Неистощимая на выдумки, веселая и общительная, заводила многих игр и развлечений в кругу тригорской молодежи, Евпраксия сразу же оказалась на дружеской ноге с опальным поэтом, которого она заражала своим весельем, жизнерадостностью. В одном из писем брату в ноябре 1824 года поэт сообщал, что «Евпраксия уморительно смешна», а в другом письме писал: «...на днях я мерялся поясом с Евпраксией, и тальи наши нашлись одинаковы. След. из двух одно: или я имею талью 15-летней девушки, или она талью 25-летнего мужчины. Евпраксия дуется и очень мила...»

Видимо, эта веселая шутка вспомнилась поэту, когда он в «Евгении Онегине» упоминал о Евпраксии:

...Вот в бутылке засмоленой,

Между жарким и бланманже,

Цимлянское несут уже;

За ним строй рюмок узких, длинных,

Подобно талии твоей,

Зизи, кристалл души моей,

Предмет стихов моих невинных,

Любви приманчивый фиал,

Ты, от кого я пьян бывал!


Евпраксия Николаевна, живая и отзывчивая, была непременной участницей бесед и жарких споров, особенно в те дни, когда в Тригорском кроме Пушкина бывали приезжавшие туда погостить А. П. Керн и Н. М. Языков. Она же чаще других приготовляла тогда для своих друзей любимую ими жженку. Ее брат А. Н. Вульф об этих минутах непринужденных дружеских встреч вспоминал: «Сестра моя Euphrosine, бывало, заваривает всем нам после обеда жженку: сестра прекрасно ее варила, да и Пушкин, ее всегдашний и пламенный обожатель, любил, чтоб она заваривала жженку... И вот мы из этих самых звонких бокалов... сидим, беседуем да распиваем пунш. И что за речи несмолкаемые, что за звонкий смех, что за дивные стихи то того, то другого поэта (Пушкина и Языкова. — В. Б.) сопровождали нашу дружескую пирушку!»
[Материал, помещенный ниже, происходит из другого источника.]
(* Assume the Hashimoto matrix $B$ is irreducible. Let $\mathbf{p}:[0,1]\to(0,1]^E$ be continuous and set $\rho(\lambda):=\rho\big(B^T\mathrm{diag}(\mathbf{p}(\lambda))\big)$. Suppose a continuous phase transition occurs at $\lambda_c\in[0,1)$, i.e. $\mathbf{Q}(\mathbf{p}(\lambda))\to\mathbf{1}$ as $\lambda\to\lambda_c$, and there is a sequence $\lambda_n\to\lambda_c$ with $\mathbf{Q}(\mathbf{p}(\lambda_n))\neq\mathbf{1}$ for all $n$. Then $\rho(\lambda_c)=1$.
   Context: $\mathcal{G}=(V,E)$ is a finite directed graph, edges written $i\to j$, $M=|E|$; $\mathcal{N}^-(j)=\{k:\,k\to j\in E\}$. The Hashimoto matrix is $B_{i\to j,\,k\to l}=\delta_{jk}(1-\delta_{il})$; it is irreducible iff the directed graph on $E$ with an arc from $e$ to $e'$ whenever $B_{e,e'}\neq 0$ is strongly connected. $\rho$ denotes spectral radius. For $\mathbf{p}\in[0,1]^E$ define $\mathbf{F}(\cdot;\mathbf{p}):[0,1]^E\to[0,1]^E$ componentwise: for the edge $j\to i$, $$F_{j\to i}(\mathbf{y};\mathbf{p})=\prod_{k\in\mathcal{N}^-(j)\setminus\{i\}}\big(1-p_{k\to j}+p_{k\to j}\,y_{k\to j}\big)$$ (empty product $=1$), so that $\mathbf{F}'(\mathbf{1};\mathbf{p})=B^T\mathrm{diag}(\mathbf{p})$. $\mathbf{Q}(\mathbf{p})$ denotes the componentwise smallest fixed point of $\mathbf{F}(\cdot;\mathbf{p})$ in $[0,1]^E$ (limit of iterates of $\mathbf{F}$ from $\mathbf{0}$). *)

theory Defs
  imports Complex_Main "Jordan_Normal_Form.Spectral_Radius"
begin

(* Directed graph: vertex type 'v, finite edge set E; an edge i->j is the pair (i,j).
   Vectors in [0,1]^E are represented as functions ('v \<times> 'v) \<Rightarrow> real,
   only their values on E are relevant. *)

(* Arcs of the non-backtracking (Hashimoto) structure: B_{i->j,k->l} = [j=k][i\<noteq>l] *)
definition hash_rel :: "('v \<times> 'v) set \<Rightarrow> (('v \<times> 'v) \<times> ('v \<times> 'v)) set" where
  "hash_rel E = {(e, e'). e \<in> E \<and> e' \<in> E \<and> snd e = fst e' \<and> fst e \<noteq> snd e'}"

(* B irreducible: the directed graph on E with arcs e -> e' whenever B_{e,e'} \<noteq> 0
   is strongly connected *)
definition hashimoto_irreducible :: "('v \<times> 'v) set \<Rightarrow> bool" where
  "hashimoto_irreducible E \<longleftrightarrow> (\<forall>e\<in>E. \<forall>e'\<in>E. (e, e') \<in> (hash_rel E)\<^sup>*)"

definition edge_list :: "('v \<times> 'v) set \<Rightarrow> ('v \<times> 'v) list" where
  "edge_list E = (SOME es. distinct es \<and> set es = E)"

definition hashimoto :: "('v \<times> 'v) set \<Rightarrow> complex mat" where
  "hashimoto E = (let es = edge_list E in
     mat (length es) (length es)
       (\<lambda>(a, b). if (es ! a, es ! b) \<in> hash_rel E then 1 else 0))"

definition hashimoto_T_diag :: "('v \<times> 'v) set \<Rightarrow> ('v \<times> 'v \<Rightarrow> real) \<Rightarrow> complex mat" where
  "hashimoto_T_diag E p = (let es = edge_list E in
     transpose_mat (hashimoto E) * mat_diag (length es) (\<lambda>i. complex_of_real (p (es ! i))))"

definition rho_BTp :: "('v \<times> 'v) set \<Rightarrow> ('v \<times> 'v \<Rightarrow> real) \<Rightarrow> real" where
  "rho_BTp E p = spectral_radius (hashimoto_T_diag E p)"

definition Fmap :: "('v \<times> 'v) set \<Rightarrow> ('v \<times> 'v \<Rightarrow> real) \<Rightarrow> ('v \<times> 'v \<Rightarrow> real) \<Rightarrow> ('v \<times> 'v \<Rightarrow> real)" where
  "Fmap E p y = (\<lambda>(j, i). \<Prod>k\<in>{k. (k, j) \<in> E \<and> k \<noteq> i}.
       1 - p (k, j) + p (k, j) * y (k, j))"

(* Q(p): smallest fixed point of F(.;p) in [0,1]^E, as the limit of the iterates of F from 0 *)
definition Qfix :: "('v \<times> 'v) set \<Rightarrow> ('v \<times> 'v \<Rightarrow> real) \<Rightarrow> ('v \<times> 'v \<Rightarrow> real)" where
  "Qfix E p = (\<lambda>e. lim (\<lambda>n. ((Fmap E p) ^^ n) (\<lambda>_. 0) e))"

end

theory Submission
  imports Defs
begin

(*
  Write M(p) = B^T diag(p) = F'(1; p) and v = 1 - Q(p).  Expanding the product defining F gives
  M v - (M v)^2 <= v <= M v componentwise.  If lambda_n differs from lambda_c along the sequence,
  the defects 1 - Q(p(lambda_n)) are nonzero and tend to 0, so their normalisations are
  asymptotically fixed by M(p(lambda_n)), and a limit point is a nonnegative unit vector fixed by
  M(p(lambda_c)).  Otherwise Q(p(lambda_c)) differs from 1 and v = 1 - Q(p(lambda_c)) satisfies
  v <= M v.  Were this strict at some edge, then for small t > 0 the vector 1 - t v would be a
  supersolution of F which, by irreducibility, becomes strict on every edge after finitely many
  iterations; by continuity it would stay one near lambda_c and keep Q(p(lambda)) away from 1.
  In both cases irreducibility makes the fixed vector positive, and a nonnegative matrix with a
  positive fixed vector has spectral radius 1.
*)

section \<open>Products of numbers in the unit interval\<close>

lemma prod_one_minus_bounds:
  fixes a :: "'a \<Rightarrow> real"
  assumes "finite S" "\<forall>i\<in>S. 0 \<le> a i \<and> a i \<le> 1"
  shows "1 - sum a S \<le> (\<Prod>i\<in>S. 1 - a i) \<and> (\<Prod>i\<in>S. 1 - a i) \<le> 1 - sum a S + (sum a S)\<^sup>2"
  using assms
proof (induction S rule: finite_induct)
  case empty
  then show ?case by simp
next
  case (insert x F)
  define P where "P = (\<Prod>i\<in>F. 1 - a i)"
  define s where "s = sum a F"
  have IH: "1 - s \<le> P" "P \<le> 1 - s + s\<^sup>2"
    using insert unfolding P_def s_def by auto
  have ax: "0 \<le> a x" "a x \<le> 1" and s0: "0 \<le> s"
    using insert unfolding s_def by (auto intro: sum_nonneg)
  have "1 - (a x + s) \<le> (1 - a x) * (1 - s)"
    using ax s0 by (simp add: algebra_simps)
  also have "\<dots> \<le> (1 - a x) * P"
    using IH(1) ax by (intro mult_left_mono) auto
  finally have lower: "1 - (a x + s) \<le> (1 - a x) * P" .
  have "(1 - a x) * P \<le> (1 - s + s\<^sup>2) - a x * (1 - s)"
    using IH mult_left_mono[OF IH(1) ax(1)] by (simp add: algebra_simps)
  also have "\<dots> \<le> 1 - (a x + s) + (a x + s)\<^sup>2"
    using ax s0 by (simp add: power2_eq_square algebra_simps)
  finally show ?case
    using lower insert(1,2) unfolding P_def s_def by simp
qed

lemma prod_one_minus_scaled_le:
  fixes a :: "'a \<Rightarrow> real"
  assumes "finite S" "\<forall>i\<in>S. 0 \<le> a i \<and> a i \<le> 1" "0 \<le> t" "t \<le> 1"
  shows "(\<Prod>i\<in>S. 1 - t * a i) \<le> 1 - t + t * (\<Prod>i\<in>S. 1 - a i)"
  using assms
proof (induction S rule: finite_induct)
  case empty
  then show ?case by simp
next
  case (insert x F)
  define c where "c = (\<Prod>i\<in>F. 1 - a i)"
  have ax: "0 \<le> a x" "a x \<le> 1" and c: "0 \<le> c" "c \<le> 1"
    using insert unfolding c_def by (auto intro: prod_nonneg prod_le_1)
  have "(\<Prod>i\<in>insert x F. 1 - t * a i) = (1 - t * a x) * (\<Prod>i\<in>F. 1 - t * a i)"
    using insert by simp
  also have "\<dots> \<le> (1 - t * a x) * (1 - t + t * c)"
    using insert ax unfolding c_def by (intro mult_left_mono) (auto simp: mult_le_one)
  also have "\<dots> \<le> 1 - t + t * ((1 - a x) * c)"
  proof -
    have "0 \<le> a x * t * (1 - t) * (1 - c)"
      using ax c insert.prems by auto
    then show ?thesis by (simp add: algebra_simps)
  qed
  also have "(1 - a x) * c = (\<Prod>i\<in>insert x F. 1 - a i)"
    using insert unfolding c_def by simp
  finally show ?case .
qed

lemma prod_le_member:
  fixes f :: "'a \<Rightarrow> real"
  assumes "finite S" "\<forall>i\<in>S. 0 \<le> f i \<and> f i \<le> 1" "j \<in> S"
  shows "prod f S \<le> f j"
proof -
  have "prod f S = f j * prod f (S - {j})"
    using assms by (simp add: prod.remove)
  moreover have "prod f (S - {j}) \<le> 1"
    using assms by (intro prod_le_1) auto
  ultimately show ?thesis
    using assms by (simp add: mult_left_le)
qed

lemma prod_less_prod_of_less_member:
  fixes f g :: "'a \<Rightarrow> real"
  assumes "finite S" "\<forall>i\<in>S. 0 \<le> f i \<and> f i \<le> g i" "\<forall>i\<in>S. 0 < g i"
    and "j \<in> S" "f j < g j"
  shows "prod f S < prod g S"
proof -
  have "prod f S = f j * prod f (S - {j})" "prod g S = g j * prod g (S - {j})"
    using assms by (simp_all add: prod.remove)
  moreover have "prod f (S - {j}) \<le> prod g (S - {j})"
    using assms by (intro prod_mono) auto
  moreover have "0 < prod g (S - {j})"
    using assms by (intro prod_pos) auto
  moreover have "0 \<le> f j"
    using assms by auto
  ultimately show ?thesis
    using assms(5) by (metis mult_left_mono mult_strict_right_mono order_le_less_trans)
qed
Пушкинские стихи украшали альбом Евпраксии Николаевны. Пушкин писал в ее альбоме, пожалуй, больше, чем в альбомах других тригорских барышень. Именно в ее альбоме записано исполненное жизненной мудрости стихотворение:

Если жизнь тебя обманет,

Не печалься, не сердись!

В день уныния смирись:

День веселья, верь, настанет.

Сердце в будущем живет;

Настоящее уныло:

Все мгновенно, все пройдет;

Что пройдет, то будет мило.


А когда однажды Евпраксия Николаевна разорвала не понравившийся ей мадригал, преподнесенный Пушкиным и Языковым, то Пушкин написал в ее альбом:

Вот, Зина, вам совет: играйте,

Из роз веселых заплетайте

Себе торжественный венец

И впредь у нас не разрывайте

Ни мадригалов, ни сердец.


Уже после ссылки поэт вписал в альбом Евпраксии Николаевны заключительную строфу шестой главы «Евгения Онегина». Дружеское отношение к Е. Н. Вульф Пушкин сохранил до конца своей жизни. В 1828 году он подарил ей вышедшие из печати четвертую и пятую главы «Евгения Онегина» с многозначительной надписью: «Евпраксии Николаевне Вульф от Автора. Твоя от твоих 22 февр. 1828». По-видимому, Пушкин сам хотел подчеркнуть связь между «деревенскими» главами «Евгения Онегина» и своей былой жизнью в Михайловском — Тригорском и отметить, что впечатления от тригорских барышень, и, может быть, в особенности от Евпраксии Вульф, он претворил в художественные образы Ольги и Татьяны.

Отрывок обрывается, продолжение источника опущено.